_Listed records_
= Beginning of Section =
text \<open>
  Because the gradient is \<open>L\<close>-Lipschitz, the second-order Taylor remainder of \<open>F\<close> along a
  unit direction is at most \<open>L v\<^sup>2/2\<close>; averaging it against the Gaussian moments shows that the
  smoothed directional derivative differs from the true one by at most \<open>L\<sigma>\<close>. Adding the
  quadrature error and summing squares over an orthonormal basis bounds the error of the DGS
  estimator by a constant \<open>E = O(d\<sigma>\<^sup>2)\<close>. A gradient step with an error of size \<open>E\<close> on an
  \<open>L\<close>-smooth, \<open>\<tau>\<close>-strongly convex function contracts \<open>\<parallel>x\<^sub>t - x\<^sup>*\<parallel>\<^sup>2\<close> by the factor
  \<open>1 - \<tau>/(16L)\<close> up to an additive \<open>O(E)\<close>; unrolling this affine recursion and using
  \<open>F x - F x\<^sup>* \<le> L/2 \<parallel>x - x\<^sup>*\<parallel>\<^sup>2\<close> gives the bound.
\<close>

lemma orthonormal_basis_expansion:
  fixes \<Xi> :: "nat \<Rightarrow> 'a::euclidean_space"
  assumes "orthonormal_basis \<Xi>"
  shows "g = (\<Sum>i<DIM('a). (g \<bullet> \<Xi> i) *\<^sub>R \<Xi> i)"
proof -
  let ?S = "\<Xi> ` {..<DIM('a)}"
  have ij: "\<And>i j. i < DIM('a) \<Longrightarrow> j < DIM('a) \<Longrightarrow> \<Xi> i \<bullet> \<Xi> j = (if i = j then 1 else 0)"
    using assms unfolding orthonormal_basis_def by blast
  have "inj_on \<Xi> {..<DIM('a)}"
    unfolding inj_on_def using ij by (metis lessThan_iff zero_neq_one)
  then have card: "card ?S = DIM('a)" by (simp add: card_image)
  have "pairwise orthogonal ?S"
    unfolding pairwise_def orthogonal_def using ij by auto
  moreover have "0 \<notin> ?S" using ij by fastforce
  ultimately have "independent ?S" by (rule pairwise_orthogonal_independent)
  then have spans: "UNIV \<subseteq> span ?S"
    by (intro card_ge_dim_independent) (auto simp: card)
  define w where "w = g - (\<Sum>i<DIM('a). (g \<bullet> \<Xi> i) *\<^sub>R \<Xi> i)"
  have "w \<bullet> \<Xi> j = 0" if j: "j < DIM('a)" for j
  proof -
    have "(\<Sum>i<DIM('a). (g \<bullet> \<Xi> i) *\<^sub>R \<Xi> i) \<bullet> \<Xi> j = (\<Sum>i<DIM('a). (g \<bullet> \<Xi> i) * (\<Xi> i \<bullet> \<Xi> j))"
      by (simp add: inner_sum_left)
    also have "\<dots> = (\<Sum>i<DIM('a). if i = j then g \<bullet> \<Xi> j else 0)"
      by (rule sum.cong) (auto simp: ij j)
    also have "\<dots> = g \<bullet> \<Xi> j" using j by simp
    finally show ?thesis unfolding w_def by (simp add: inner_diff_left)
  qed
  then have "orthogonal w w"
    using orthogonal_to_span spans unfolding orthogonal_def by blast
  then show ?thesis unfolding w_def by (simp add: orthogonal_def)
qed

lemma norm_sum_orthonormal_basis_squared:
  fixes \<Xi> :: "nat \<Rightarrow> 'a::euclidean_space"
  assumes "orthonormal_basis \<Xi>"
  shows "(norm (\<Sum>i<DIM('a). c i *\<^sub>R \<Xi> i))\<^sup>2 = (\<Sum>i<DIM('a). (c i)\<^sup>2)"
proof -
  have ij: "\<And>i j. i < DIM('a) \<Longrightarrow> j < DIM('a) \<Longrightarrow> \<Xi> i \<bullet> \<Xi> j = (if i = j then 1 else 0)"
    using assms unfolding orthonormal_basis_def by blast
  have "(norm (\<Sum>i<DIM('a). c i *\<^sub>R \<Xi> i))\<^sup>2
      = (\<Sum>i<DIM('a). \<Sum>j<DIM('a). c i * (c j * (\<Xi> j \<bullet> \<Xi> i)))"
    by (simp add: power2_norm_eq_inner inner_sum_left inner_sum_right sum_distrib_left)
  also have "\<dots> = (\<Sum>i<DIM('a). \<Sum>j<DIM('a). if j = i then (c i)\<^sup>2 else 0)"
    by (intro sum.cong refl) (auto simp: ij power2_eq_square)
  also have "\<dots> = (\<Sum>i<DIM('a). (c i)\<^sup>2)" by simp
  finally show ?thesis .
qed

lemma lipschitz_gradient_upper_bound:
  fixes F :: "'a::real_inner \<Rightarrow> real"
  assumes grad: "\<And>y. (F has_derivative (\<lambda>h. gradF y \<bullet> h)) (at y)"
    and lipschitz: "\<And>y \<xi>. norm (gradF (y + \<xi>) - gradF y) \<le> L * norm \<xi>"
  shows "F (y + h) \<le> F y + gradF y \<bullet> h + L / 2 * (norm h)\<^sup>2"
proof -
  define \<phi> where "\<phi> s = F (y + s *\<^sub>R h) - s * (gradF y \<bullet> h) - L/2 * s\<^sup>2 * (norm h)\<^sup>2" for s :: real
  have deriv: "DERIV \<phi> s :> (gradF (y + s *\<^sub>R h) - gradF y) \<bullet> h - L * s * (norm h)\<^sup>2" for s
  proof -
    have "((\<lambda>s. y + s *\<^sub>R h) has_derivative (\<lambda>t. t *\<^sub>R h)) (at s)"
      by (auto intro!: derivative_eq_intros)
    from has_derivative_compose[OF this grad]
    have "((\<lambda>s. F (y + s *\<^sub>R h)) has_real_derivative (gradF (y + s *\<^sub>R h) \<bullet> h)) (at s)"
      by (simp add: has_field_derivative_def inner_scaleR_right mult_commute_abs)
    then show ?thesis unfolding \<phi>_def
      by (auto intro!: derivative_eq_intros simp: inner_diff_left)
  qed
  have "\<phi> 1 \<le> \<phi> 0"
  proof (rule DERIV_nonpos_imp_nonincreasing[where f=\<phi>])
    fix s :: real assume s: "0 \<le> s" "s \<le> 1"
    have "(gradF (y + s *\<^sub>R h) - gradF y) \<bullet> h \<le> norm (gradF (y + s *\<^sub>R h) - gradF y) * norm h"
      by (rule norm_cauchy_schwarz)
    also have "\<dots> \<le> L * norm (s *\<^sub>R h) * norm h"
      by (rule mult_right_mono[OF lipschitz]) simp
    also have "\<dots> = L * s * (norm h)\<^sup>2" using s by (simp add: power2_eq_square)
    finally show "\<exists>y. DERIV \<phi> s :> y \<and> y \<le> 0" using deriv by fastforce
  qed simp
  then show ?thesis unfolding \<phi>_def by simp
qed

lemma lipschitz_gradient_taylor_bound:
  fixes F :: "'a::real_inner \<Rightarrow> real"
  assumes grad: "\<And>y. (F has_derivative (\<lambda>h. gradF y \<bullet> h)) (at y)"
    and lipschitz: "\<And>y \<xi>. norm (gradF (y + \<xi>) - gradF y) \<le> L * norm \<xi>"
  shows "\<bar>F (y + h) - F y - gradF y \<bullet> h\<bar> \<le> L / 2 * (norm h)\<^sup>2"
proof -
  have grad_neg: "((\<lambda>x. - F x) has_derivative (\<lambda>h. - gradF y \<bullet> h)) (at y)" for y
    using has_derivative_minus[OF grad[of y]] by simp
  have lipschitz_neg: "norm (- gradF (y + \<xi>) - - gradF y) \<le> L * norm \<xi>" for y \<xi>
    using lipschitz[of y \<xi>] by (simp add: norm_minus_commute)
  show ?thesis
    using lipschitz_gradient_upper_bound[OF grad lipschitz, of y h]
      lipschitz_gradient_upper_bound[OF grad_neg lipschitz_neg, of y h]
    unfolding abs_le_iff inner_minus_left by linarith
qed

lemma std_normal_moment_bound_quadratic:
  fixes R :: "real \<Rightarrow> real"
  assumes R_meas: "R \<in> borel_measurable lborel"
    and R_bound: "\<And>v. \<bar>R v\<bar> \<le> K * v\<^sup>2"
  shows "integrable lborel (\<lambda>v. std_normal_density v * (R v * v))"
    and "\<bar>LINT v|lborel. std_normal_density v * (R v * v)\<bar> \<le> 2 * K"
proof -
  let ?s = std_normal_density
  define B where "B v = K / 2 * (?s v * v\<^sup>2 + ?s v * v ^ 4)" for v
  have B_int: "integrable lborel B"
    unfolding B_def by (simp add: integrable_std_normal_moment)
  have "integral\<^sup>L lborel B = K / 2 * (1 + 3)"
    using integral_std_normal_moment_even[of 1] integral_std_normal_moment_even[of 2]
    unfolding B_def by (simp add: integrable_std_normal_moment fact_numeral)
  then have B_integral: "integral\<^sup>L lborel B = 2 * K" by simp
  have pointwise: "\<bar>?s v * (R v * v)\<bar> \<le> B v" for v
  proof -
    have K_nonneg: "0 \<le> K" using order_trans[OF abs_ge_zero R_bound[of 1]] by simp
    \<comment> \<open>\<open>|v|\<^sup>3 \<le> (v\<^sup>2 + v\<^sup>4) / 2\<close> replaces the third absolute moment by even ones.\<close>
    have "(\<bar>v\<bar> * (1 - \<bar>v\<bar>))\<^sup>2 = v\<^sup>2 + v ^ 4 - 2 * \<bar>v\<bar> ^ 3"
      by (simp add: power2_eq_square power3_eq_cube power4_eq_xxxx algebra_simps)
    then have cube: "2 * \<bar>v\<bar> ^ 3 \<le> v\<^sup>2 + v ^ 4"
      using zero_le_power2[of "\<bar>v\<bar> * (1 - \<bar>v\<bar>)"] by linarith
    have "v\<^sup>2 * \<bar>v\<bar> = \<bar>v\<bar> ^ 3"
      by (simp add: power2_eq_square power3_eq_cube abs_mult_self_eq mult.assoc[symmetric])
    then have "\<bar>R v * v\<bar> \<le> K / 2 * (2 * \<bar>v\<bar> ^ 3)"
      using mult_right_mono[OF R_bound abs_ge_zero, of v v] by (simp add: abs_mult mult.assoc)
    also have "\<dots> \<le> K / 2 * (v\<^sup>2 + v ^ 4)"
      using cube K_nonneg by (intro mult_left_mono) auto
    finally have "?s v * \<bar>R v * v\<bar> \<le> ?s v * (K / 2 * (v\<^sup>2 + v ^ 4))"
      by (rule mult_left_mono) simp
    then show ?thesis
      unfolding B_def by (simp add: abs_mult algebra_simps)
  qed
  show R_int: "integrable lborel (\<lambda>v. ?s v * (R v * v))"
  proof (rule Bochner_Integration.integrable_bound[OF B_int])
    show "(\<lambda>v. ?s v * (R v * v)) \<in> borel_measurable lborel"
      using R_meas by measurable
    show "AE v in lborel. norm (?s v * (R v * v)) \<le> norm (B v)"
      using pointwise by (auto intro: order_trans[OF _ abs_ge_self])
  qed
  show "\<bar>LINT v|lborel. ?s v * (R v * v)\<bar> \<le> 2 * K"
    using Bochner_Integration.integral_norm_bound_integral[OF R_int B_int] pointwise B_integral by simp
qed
= End of Section =
_Directions for this task_
Scan the records above for the lines holding "using has_derivative_minus[OF grad[of" and "unfolding B_def by (simp add: integrable_std_normal_moment)". Transcribe those two and every line between them word for word, and no others.

_Your response_
    using has_derivative_minus[OF grad[of y]] by simp
  have lipschitz_neg: "norm (- gradF (y + \<xi>) - - gradF y) \<le> L * norm \<xi>" for y \<xi>
    using lipschitz[of y \<xi>] by (simp add: norm_minus_commute)
  show ?thesis
    using lipschitz_gradient_upper_bound[OF grad lipschitz, of y h]
      lipschitz_gradient_upper_bound[OF grad_neg lipschitz_neg, of y h]
    unfolding abs_le_iff inner_minus_left by linarith
qed

lemma std_normal_moment_bound_quadratic:
  fixes R :: "real \<Rightarrow> real"
  assumes R_meas: "R \<in> borel_measurable lborel"
    and R_bound: "\<And>v. \<bar>R v\<bar> \<le> K * v\<^sup>2"
  shows "integrable lborel (\<lambda>v. std_normal_density v * (R v * v))"
    and "\<bar>LINT v|lborel. std_normal_density v * (R v * v)\<bar> \<le> 2 * K"
proof -
  let ?s = std_normal_density
  define B where "B v = K / 2 * (?s v * v\<^sup>2 + ?s v * v ^ 4)" for v
  have B_int: "integrable lborel B"
    unfolding B_def by (simp add: integrable_std_normal_moment)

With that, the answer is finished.